- Opening Delimiter -
(* Let $X$ be a Banach space supporting a hereditarily frequently hypercyclic operator. Let $T_1,\dots,T_N\in\mathfrak L(X)$ be such that $(T_1,\dots,T_N)$ is $d$-frequently hypercyclic. Then there exists $T_{N+1}\in\mathfrak L(X)$ such that $(T_1,\dots,T_{N+1})$ is $d$-frequently hypercyclic.
   Context: $\mathcal N_T(x,V):=\{n\in\mathbb N:T^nx\in V\}$. Hereditarily frequently hypercyclic: for every countable family $(V_i)$ of non-empty open sets and sets $A_i\subset\mathbb N$ of positive lower density, some $x$ has $\mathcal N_T(x,V_i)\cap A_i$ of positive lower density for all $i$. $(T_1,\dots,T_N)$ is $d$-frequently hypercyclic if there is $x\in X$ such that for every non-empty open $W\subset X^N$, the set $\{n:(T_1^nx,\dots,T_N^nx)\in W\}$ has positive lower density. *)

theory Defs
  imports "HOL-Analysis.Analysis" "HOL-Library.Liminf_Limsup"
begin

definition lower_density :: "nat set \<Rightarrow> ereal" where
  "lower_density A = liminf (\<lambda>n. ereal (real (card (A \<inter> {..<n})) / real n))"

definition visits :: "('a \<Rightarrow> 'a) \<Rightarrow> 'a \<Rightarrow> 'a set \<Rightarrow> nat set" where
  "visits T x V = {n. (T ^^ n) x \<in> V}"

definition hereditarily_frequently_hypercyclic :: "('a::topological_space \<Rightarrow> 'a) \<Rightarrow> bool" where
  "hereditarily_frequently_hypercyclic T \<longleftrightarrow>
     (\<forall>V :: nat \<Rightarrow> 'a set. \<forall>A :: nat \<Rightarrow> nat set.
        (\<forall>i. open (V i) \<and> V i \<noteq> {} \<and> lower_density (A i) > 0) \<longrightarrow>
        (\<exists>x. \<forall>i. lower_density (visits T x (V i) \<inter> A i) > 0))"

text \<open>The tuple (T 0, ..., T (N-1)) acting on X^N (product topology on {..<N} \<rightarrow> X).\<close>
definition d_frequently_hypercyclic :: "(nat \<Rightarrow> 'a::topological_space \<Rightarrow> 'a) \<Rightarrow> nat \<Rightarrow> bool" where
  "d_frequently_hypercyclic T N \<longleftrightarrow>
     (\<exists>x. \<forall>W. openin (product_topology (\<lambda>_. euclidean) {..<N}) W \<and> W \<noteq> {} \<longrightarrow>
        lower_density {n. (\<lambda>i\<in>{..<N}. (T i ^^ n) x) \<in> W} > 0)"

end

theory Submission
  imports Defs
begin

text \<open>Let \<open>x\<close> be a d-frequently hypercyclic vector of \<open>(T\<^sub>1, \<dots>, T\<^sub>N)\<close> and \<open>S\<close> a hereditarily
  frequently hypercyclic operator. The \<open>T\<^sub>1\<close>-orbit of \<open>x\<close> is dense, so \<open>X\<close> has a countable
  \<open>\<pi>\<close>-base \<open>\<B>\<close>. Applying hereditary frequent hypercyclicity of \<open>S\<close> to the countably many
  pairs \<open>(B, {n. \<forall>i. T\<^sub>i\<^sup>n x \<in> B\<^sub>i})\<close> with \<open>B, B\<^sub>i \<in> \<B>\<close> gives a vector \<open>y\<close> whose \<open>S\<close>-orbit visits
  every \<open>B\<close> along a set of positive lower density inside every return set of \<open>x\<close>.
  By Hahn-Banach there is an isomorphism \<open>L\<close> of \<open>X\<close> with \<open>L y = x\<close>; the operator
  \<open>T\<^sub>N\<^sub>+\<^sub>1 = L S L\<^sup>-\<^sup>1\<close> satisfies \<open>T\<^sub>N\<^sub>+\<^sub>1\<^sup>n x = L (S\<^sup>n y)\<close>, which makes \<open>x\<close> d-frequently hypercyclic
  for the extended tuple. Hahn-Banach itself comes from the fact that a minimal sublinear
  functional below the norm is linear.\<close>

definition sublinear :: "('a::real_vector \<Rightarrow> real) \<Rightarrow> bool" where
  "sublinear q \<longleftrightarrow>
     (\<forall>a b. q (a + b) \<le> q a + q b) \<and> (\<forall>c a. c \<ge> 0 \<longrightarrow> q (c *\<^sub>R a) = c * q a)"

lemma sublinear_add_le: "sublinear q \<Longrightarrow> q (a + b) \<le> q a + q b"
  unfolding sublinear_def by blast

lemma sublinear_scaleR: "sublinear q \<Longrightarrow> c \<ge> 0 \<Longrightarrow> q (c *\<^sub>R a) = c * q a"
  unfolding sublinear_def by blast

lemma sublinear_zero: "sublinear q \<Longrightarrow> q 0 = 0"
  using sublinear_scaleR[of q 0 0] by simp

lemma sublinear_minus_le: "sublinear q \<Longrightarrow> - q (- a) \<le> q a"
  using sublinear_add_le[of q a "- a"] sublinear_zero[of q] by simp

lemma sublinear_norm: "sublinear norm"
  unfolding sublinear_def by (simp add: norm_triangle_ineq)

lemma cINF_const_mult:
  fixes f :: "'b \<Rightarrow> real"
  assumes A: "A \<noteq> {}" and bdd: "bdd_below (f ` A)" and c: "c \<ge> 0"
  shows "(INF x\<in>A. c * f x) = c * (INF x\<in>A. f x)"
proof (cases "c = 0")
  case True
  then show ?thesis using A by simp
next
  case False
  with c have c: "c > 0" by simp
  obtain M where "\<forall>x\<in>A. M \<le> f x"
    using bdd by (auto simp: bdd_below_def)
  then have bdd_c: "bdd_below ((\<lambda>x. c * f x) ` A)"
    using c by (intro bdd_belowI2[of _ "c * M"]) (simp add: mult_left_mono)
  have "(INF x\<in>A. c * f x) / c \<le> (INF x\<in>A. f x)"
    by (rule cINF_greatest[OF A]) (use cINF_lower[OF bdd_c] c in \<open>simp add: field_simps\<close>)
  moreover have "c * (INF x\<in>A. f x) \<le> (INF x\<in>A. c * f x)"
    by (rule cINF_greatest[OF A]) (use cINF_lower[OF bdd] c in simp)
  ultimately show ?thesis
    using c by (simp add: field_simps)
qed

text \<open>For a minimal sublinear \<open>q\<close>, comparing \<open>q\<close> with \<open>directional_inf q z\<close> forces
  \<open>q (- z) = - q z\<close>, i.e. linearity.\<close>
definition directional_inf :: "('a::real_vector \<Rightarrow> real) \<Rightarrow> 'a \<Rightarrow> 'a \<Rightarrow> real" where
  "directional_inf q z a = (INF t\<in>{0..}. q (a + t *\<^sub>R z) - t * q z)"

lemma bdd_below_directional_inf:
  assumes q: "sublinear q"
  shows "bdd_below ((\<lambda>t. q (a + t *\<^sub>R z) - t * q z) ` {0..})"
proof (rule bdd_belowI2)
  fix t :: real assume "t \<in> {0..}"
  then have "t * q z = q ((a + t *\<^sub>R z) + - a)"
    using sublinear_scaleR[OF q] by simp
  also have "\<dots> \<le> q (a + t *\<^sub>R z) + q (- a)"
    by (rule sublinear_add_le[OF q])
  finally show "- q (- a) \<le> q (a + t *\<^sub>R z) - t * q z"
    by simp
qed

lemma directional_inf_le:
  "sublinear q \<Longrightarrow> t \<ge> 0 \<Longrightarrow> directional_inf q z a \<le> q (a + t *\<^sub>R z) - t * q z"
  unfolding directional_inf_def by (rule cINF_lower[OF bdd_below_directional_inf]) auto

lemma directional_inf_greatest:
  "(\<And>t. t \<ge> 0 \<Longrightarrow> m \<le> q (a + t *\<^sub>R z) - t * q z) \<Longrightarrow> m \<le> directional_inf q z a"
  unfolding directional_inf_def by (rule cINF_greatest) auto

lemma directional_inf_le_self: "sublinear q \<Longrightarrow> directional_inf q z a \<le> q a"
  using directional_inf_le[of q 0 z a] by simp

lemma directional_inf_minus: "sublinear q \<Longrightarrow> directional_inf q z (- z) \<le> - q z"
  using directional_inf_le[of q 1 z "- z"] sublinear_zero[of q] by simp

lemma directional_inf_add_le:
  assumes q: "sublinear q"
  shows "directional_inf q z (a + b) \<le> directional_inf q z a + directional_inf q z b"
proof -
  let ?D = "directional_inf q z"
  have split: "?D (a + b) - (q (b + t *\<^sub>R z) - t * q z) \<le> q (a + s *\<^sub>R z) - s * q z"
    if "s \<ge> 0" "t \<ge> 0" for s t
  proof -
    have "?D (a + b) \<le> q ((a + s *\<^sub>R z) + (b + t *\<^sub>R z)) - (s + t) * q z"
      using directional_inf_le[OF q, of "s + t" z "a + b"] that
      by (simp add: algebra_simps)
    also have "\<dots> \<le> q (a + s *\<^sub>R z) + q (b + t *\<^sub>R z) - (s + t) * q z"
      using sublinear_add_le[OF q] by simp
    finally show ?thesis
      by (simp add: algebra_simps)
  qed
  have "?D (a + b) - (q (b + t *\<^sub>R z) - t * q z) \<le> ?D a" if "t \<ge> 0" for t
    by (rule directional_inf_greatest) (rule split[OF _ that])
  then have "?D (a + b) - ?D a \<le> ?D b"
    by (intro directional_inf_greatest) (simp add: algebra_simps)
  then show ?thesis
    by simp
qed

lemma directional_inf_scaleR:
  assumes q: "sublinear q" and "c \<ge> 0"
  shows "directional_inf q z (c *\<^sub>R a) = c * directional_inf q z a"
proof (cases "c = 0")
  case True
  have "directional_inf q z 0 = (INF t\<in>{0::real..}. 0)"
    unfolding directional_inf_def by (rule INF_cong) (simp_all add: sublinear_scaleR[OF q])
  then show ?thesis
    using True by simp
next
  case False
  with \<open>c \<ge> 0\<close> have c: "c > 0" by simp
  have "t \<in> (\<lambda>s. c * s) ` {0..}" if "t \<ge> 0" for t
    using c that by (intro image_eqI[where x = "t / c"]) auto
  then have reindex: "{0..} = (\<lambda>s. c * s) ` {0::real..}"
    using c by auto
  have "directional_inf q z (c *\<^sub>R a) =
      (INF t\<in>(\<lambda>s. c * s) ` {0..}. q (c *\<^sub>R a + t *\<^sub>R z) - t * q z)"
    unfolding directional_inf_def by (subst reindex) (rule refl)
  also have "\<dots> = (INF s\<in>{0..}. q (c *\<^sub>R a + (c * s) *\<^sub>R z) - (c * s) * q z)"
    by (simp only: image_image)
  also have "\<dots> = (INF s\<in>{0..}. c * (q (a + s *\<^sub>R z) - s * q z))"
    using c by (intro INF_cong refl)
      (simp add: sublinear_scaleR[OF q, symmetric] scaleR_add_right right_diff_distrib)
  also have "\<dots> = c * directional_inf q z a"
    unfolding directional_inf_def
    by (rule cINF_const_mult[OF _ bdd_below_directional_inf[OF q]]) (use c in auto)
  finally show ?thesis .
qed

lemma sublinear_directional_inf: "sublinear q \<Longrightarrow> sublinear (directional_inf q z)"
  unfolding sublinear_def[of "directional_inf q z"]
  by (simp add: directional_inf_add_le directional_inf_scaleR)

lemma bdd_below_sublinear_below:
  assumes "\<forall>q\<in>C. sublinear q \<and> q \<le> p"
  shows "bdd_below ((\<lambda>q. q a) ` C)"
proof (rule bdd_belowI2)
  fix q assume "q \<in> C"
  then have "sublinear q" "q (- a) \<le> p (- a)"
    using assms by (auto simp: le_fun_def)
  then show "- p (- a) \<le> q a"
    using sublinear_minus_le[of q a] by linarith
qed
- Closing Delimiter -
The expected answer is every line above in which the word "Hahn" appears.

Exercise output ▸
  By Hahn-Banach there is an isomorphism \<open>L\<close> of \<open>X\<close> with \<open>L y = x\<close>; the operator
  for the extended tuple. Hahn-Banach itself comes from the fact that a minimal sublinear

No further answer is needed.